If we consider a std::string implementation that uses reference counting, consider this scenario:
int main()
{
string english = "Hello";
string german = english; //refcnt = 2
string german2 = german;
/* L1 */ german[1] = 'a';
/* L2 */ *(german2.begin() + 1) = 'A';
cout << english << endl << german << endl << german2 << endl;
return 0;
}
What happens in L1 and L2? Is the reference counting broken and a deep copy is performed? I think so, but my concern says that if that occurs, doing a simple:
cout << german[1] << endl;
or a simple:
cout << *(german.begin()) << endl;
in non-const contexts would perform unnecessary deep copies. Am I right? How do the implementations deal with this detail?

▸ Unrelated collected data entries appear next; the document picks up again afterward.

(* The category of $\mathcal{D}$-coalgebras of the comonad $(\mathcal{D},\delta,\varepsilon)$ on $\mathsf{CLAC}$ is equivalent to the category of Cartesian differential categories and strict Cartesian differential functors between them. Explicitly: a Cartesian differential category $\mathbb{X}$ with combinator $\mathsf{D}$ corresponds to the coalgebra $(\mathbb{X},\omega^{\mathsf{D}})$ with $\omega^{\mathsf{D}}(f)_0=f$ and $\omega^{\mathsf{D}}(f)_n=\mathsf{D}^n[f]$, and a coalgebra $(\mathbb{X},\omega)$ corresponds to the Cartesian differential category with combinator $\mathsf{D}^\omega[f]=\omega(f)_1$; these assignments are mutually inverse, and coalgebra morphisms are exactly strict Cartesian differential functors.
   Context: Composition is written in diagrammatic order: $fg$ means first $f$ then $g$. A left additive category is a category whose hom-sets are commutative monoids (with $+$, $0$) such that $f(g+h)=fg+fh$ and $f0=0$; a map $h$ is additive if $(f+g)h=fh+gh$ and $0h=0$. A Cartesian left additive category is a left additive category with finite products in which all projections are additive. $\mathsf{CLAC}$ is the category of Cartesian left additive categories and functors preserving finite products strictly ($\mathsf{F}(A\times B)=\mathsf{F}A\times\mathsf{F}B$, terminal object preserved, $\mathsf{F}(\pi_j)=\pi_j$) and preserving $+$ and $0$ (strict Cartesian left additive functors). A Cartesian differential category is a Cartesian left additive category with a combinator $\mathsf{D}$ sending $f:A\to B$ to $\mathsf{D}[f]:A\times A\to B$ such that: [CD.1] $\mathsf{D}[f+g]=\mathsf{D}[f]+\mathsf{D}[g]$, $\mathsf{D}[0]=0$; [CD.2] $(1\times(\pi_0+\pi_1))\mathsf{D}[f]=(1\times\pi_0)\mathsf{D}[f]+(1\times\pi_1)\mathsf{D}[f]$ (with $1\times(\pi_0+\pi_1),1\times\pi_j:A\times(A\times A)\to A\times A$) and $\langle 1,0\rangle\mathsf{D}[f]=0$; [CD.3] $\mathsf{D}[1]=\pi_1$, $\mathsf{D}[\pi_j]=\pi_1\pi_j$; [CD.4] $\mathsf{D}[\langle f,g\rangle]=\langle\mathsf{D}[f],\mathsf{D}[g]\rangle$; [CD.5] $\mathsf{D}[fg]=\langle\pi_0f,\mathsf{D}[f]\rangle\mathsf{D}[g]$; [CD.6] $\ell\,\mathsf{D}[\mathsf{D}[f]]=\mathsf{D}[f]$ where $\ell=\langle1,0\rangle\times\langle0,1\rangle:A\times A\to(A\times A)\times(A\times A)$; [CD.7] $c\,\mathsf{D}[\mathsf{D}[f]]=\mathsf{D}[\mathsf{D}[f]]$ where $c=\langle\langle\pi_0\pi_0,\pi_1\pi_0\rangle,\langle\pi_0\pi_1,\pi_1\pi_1\rangle\rangle$ on $(A\times A)\times(A\times A)$ swaps the two middle components. A strict Cartesian differential functor is a strict Cartesian left additive functor with $\mathsf{F}(\mathsf{D}[f])=\mathsf{D}[\mathsf{F}(f)]$. Pre-$\mathsf{D}$-sequences: in a category $\mathbb{X}$ with finite products put $\mathsf{P}(A)=A\times A$, $\mathsf{P}(f)=f\times f$. A pre-$\mathsf{D}$-sequence $f_\bullet:A\to B$ is a sequence $(f_0,f_1,\dots)$ with $f_n:\mathsf{P}^n(A)\to B$. For $h:A'\to A$, $k:B\to C$: $(h\cdot f_\bullet)_n=\mathsf{P}^n(h)f_n$, $(f_\bullet\cdot k)_n=f_nk$. Tangent $\mathsf{T}(f_\bullet):\mathsf{P}(A)\to\mathsf{P}(B)$, $\mathsf{T}(f_\bullet)_n=\langle\mathsf{P}^n(\pi_0)f_n,f_{n+1}\rangle$; differential $\mathsf{D}[f_\bullet]:\mathsf{P}(A)\to B$, $\mathsf{D}[f_\bullet]_n=f_{n+1}$. Identity $i_\bullet$: $i_0=1$, $i_n=\pi_1\cdots\pi_1$ ($n$ times). Composition $(f_\bullet\ast g_\bullet)_n=\mathsf{T}^n(f_\bullet)_0\,g_n$. Products: projections $i_\bullet\cdot\pi_j$, pairing $\langle f_\bullet,g_\bullet\rangle_n=\langle f_n,g_n\rangle$; additive structure pointwise ($0_n=0$, $(f_\bullet+g_\bullet)_n=f_n+g_n$). A $\mathsf{D}$-sequence (in a Cartesian left additive category) is a pre-$\mathsf{D}$-sequence with, for all $n$: [DS.1] $\langle1,0\rangle\cdot\mathsf{D}^{n+1}[f_\bullet]=0_\bullet$; [DS.2] $(1\times(\pi_0+\pi_1))\cdot\mathsf{D}^{n+1}[f_\bullet]=((1\times\pi_0)\cdot\mathsf{D}^{n+1}[f_\bullet])+((1\times\pi_1)\cdot\mathsf{D}^{n+1}[f_\bullet])$; [DS.3] $\ell\cdot\mathsf{D}^{n+2}[f_\bullet]=\mathsf{D}^{n+1}[f_\bullet]$; [DS.4] $c\cdot\mathsf{D}^{n+2}[f_\bullet]=\mathsf{D}^{n+2}[f_\bullet]$ (with $\langle1,0\rangle,1\times\pi_j,\ell,c$ the maps above for the object $\mathsf{P}^n(A)$). $\mathcal{D}[\mathbb{X}]$ is the category of objects of $\mathbb{X}$ and $\mathsf{D}$-sequences, with identity $i_\bullet$, composition $\ast$, and the products and addition above. The comonad: $\mathcal{D}[\mathsf{F}](f_\bullet)_n=\mathsf{F}(f_n)$; $\varepsilon:\mathcal{D}[\mathbb{X}]\to\mathbb{X}$ is the identity on objects and $f_\bullet\mapsto f_0$; $\delta:\mathcal{D}[\mathbb{X}]\to\mathcal{D}[\mathcal{D}[\mathbb{X}]]$ is the identity on objects and sends $f_\bullet$ to the sequence with $0$-th term $f_\bullet$ and $n$-th term $\mathsf{D}^n[f_\bullet]$. A $\mathcal{D}$-coalgebra is $(\mathbb{X},\omega)$ with $\omega:\mathbb{X}\to\mathcal{D}[\mathbb{X}]$ a strict Cartesian left additive functor with $\omega\varepsilon=1$ and $\omega\delta=\omega\,\mathcal{D}[\omega]$; a morphism $(\mathbb{X},\omega)\to(\mathbb{Y},\omega')$ is a strict Cartesian left additive functor $\mathsf{F}$ with $\mathsf{F}\omega'=\omega\,\mathcal{D}[\mathsf{F}]$. *)

theory Defs
  imports Main
begin

section \<open>Categories with chosen finite products and left additive structure\<close>

text \<open>Composition is written in diagrammatic order: ccmp X f g = fg (first f, then g).\<close>

record ('o, 'm) clac =
  cOb   :: "'o set"
  cArr  :: "'m set"
  cdom  :: "'m \<Rightarrow> 'o"
  ccod  :: "'m \<Rightarrow> 'o"
  ccmp  :: "'m \<Rightarrow> 'm \<Rightarrow> 'm"
  cid   :: "'o \<Rightarrow> 'm"
  cprd  :: "'o \<Rightarrow> 'o \<Rightarrow> 'o"
  ctrm  :: "'o"
  cpr0  :: "'o \<Rightarrow> 'o \<Rightarrow> 'm"
  cpr1  :: "'o \<Rightarrow> 'o \<Rightarrow> 'm"
  cpair :: "'m \<Rightarrow> 'm \<Rightarrow> 'm"
  cadd  :: "'m \<Rightarrow> 'm \<Rightarrow> 'm"
  czero :: "'o \<Rightarrow> 'o \<Rightarrow> 'm"

definition Hom :: "('o, 'm, 'z) clac_scheme \<Rightarrow> 'o \<Rightarrow> 'o \<Rightarrow> 'm set" where
  "Hom X A B = {f \<in> cArr X. cdom X f = A \<and> ccod X f = B}"

definition is_category :: "('o, 'm, 'z) clac_scheme \<Rightarrow> bool" where
  "is_category X \<longleftrightarrow>
     (\<forall>f \<in> cArr X. cdom X f \<in> cOb X \<and> ccod X f \<in> cOb X) \<and>
     (\<forall>A \<in> cOb X. cid X A \<in> Hom X A A) \<and>
     (\<forall>A \<in> cOb X. \<forall>B \<in> cOb X. \<forall>C \<in> cOb X. \<forall>f \<in> Hom X A B. \<forall>g \<in> Hom X B C.
        ccmp X f g \<in> Hom X A C) \<and>
     (\<forall>A \<in> cOb X. \<forall>B \<in> cOb X. \<forall>C \<in> cOb X. \<forall>E \<in> cOb X.
        \<forall>f \<in> Hom X A B. \<forall>g \<in> Hom X B C. \<forall>h \<in> Hom X C E.
        ccmp X (ccmp X f g) h = ccmp X f (ccmp X g h)) \<and>
     (\<forall>A \<in> cOb X. \<forall>B \<in> cOb X. \<forall>f \<in> Hom X A B.
        ccmp X (cid X A) f = f \<and> ccmp X f (cid X B) = f)"

definition has_finite_products :: "('o, 'm, 'z) clac_scheme \<Rightarrow> bool" where
  "has_finite_products X \<longleftrightarrow>
     ctrm X \<in> cOb X \<and>
     (\<forall>A \<in> cOb X. \<exists>!h. h \<in> Hom X A (ctrm X)) \<and>
     (\<forall>A \<in> cOb X. \<forall>B \<in> cOb X.
        cprd X A B \<in> cOb X \<and>
        cpr0 X A B \<in> Hom X (cprd X A B) A \<and>
        cpr1 X A B \<in> Hom X (cprd X A B) B \<and>
        (\<forall>C \<in> cOb X. \<forall>f \<in> Hom X C A. \<forall>g \<in> Hom X C B.
           cpair X f g \<in> Hom X C (cprd X A B) \<and>
           ccmp X (cpair X f g) (cpr0 X A B) = f \<and>
           ccmp X (cpair X f g) (cpr1 X A B) = g) \<and>
        (\<forall>C \<in> cOb X. \<forall>h \<in> Hom X C (cprd X A B).
           h = cpair X (ccmp X h (cpr0 X A B)) (ccmp X h (cpr1 X A B))))"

You are correct, a copy would be made in all four examples (L1, L2, and the two below), even though for the latter two it's unnecessary.
Unfortunately when the non-const version of operator[] is called or a non-const iterator is dereferenced, there is no way for the implementation to tell whether or not the resulting non-const reference will be used to modify the object, so it has to play it safe and make a copy.
C++11 added functions cbegin()
and cend()
to strings and other containers which return const iterators even if called on a non-const object. This helps alleviate the problem. I'm not aware of a comparable solution for operator[].
Note: having operator[] or the iterator's operator*() return a proxy type, as some of the other answerers suggested, is not really an option because it breaks container requirements, one of which is that these functions return actual references. (This is why everyone now agrees that vector<bool>
is a mistake - it uses proxies in this way).
(Of course, if you're writing your own reference-counted class, there's nothing stopping you from using proxy types to achieve this.)
One way to achieve this is through proxy classes. So when you index into a string instead if getting a char you get an object that looks and feels like a char. When a write is performed on it it causes deep copy on the original string.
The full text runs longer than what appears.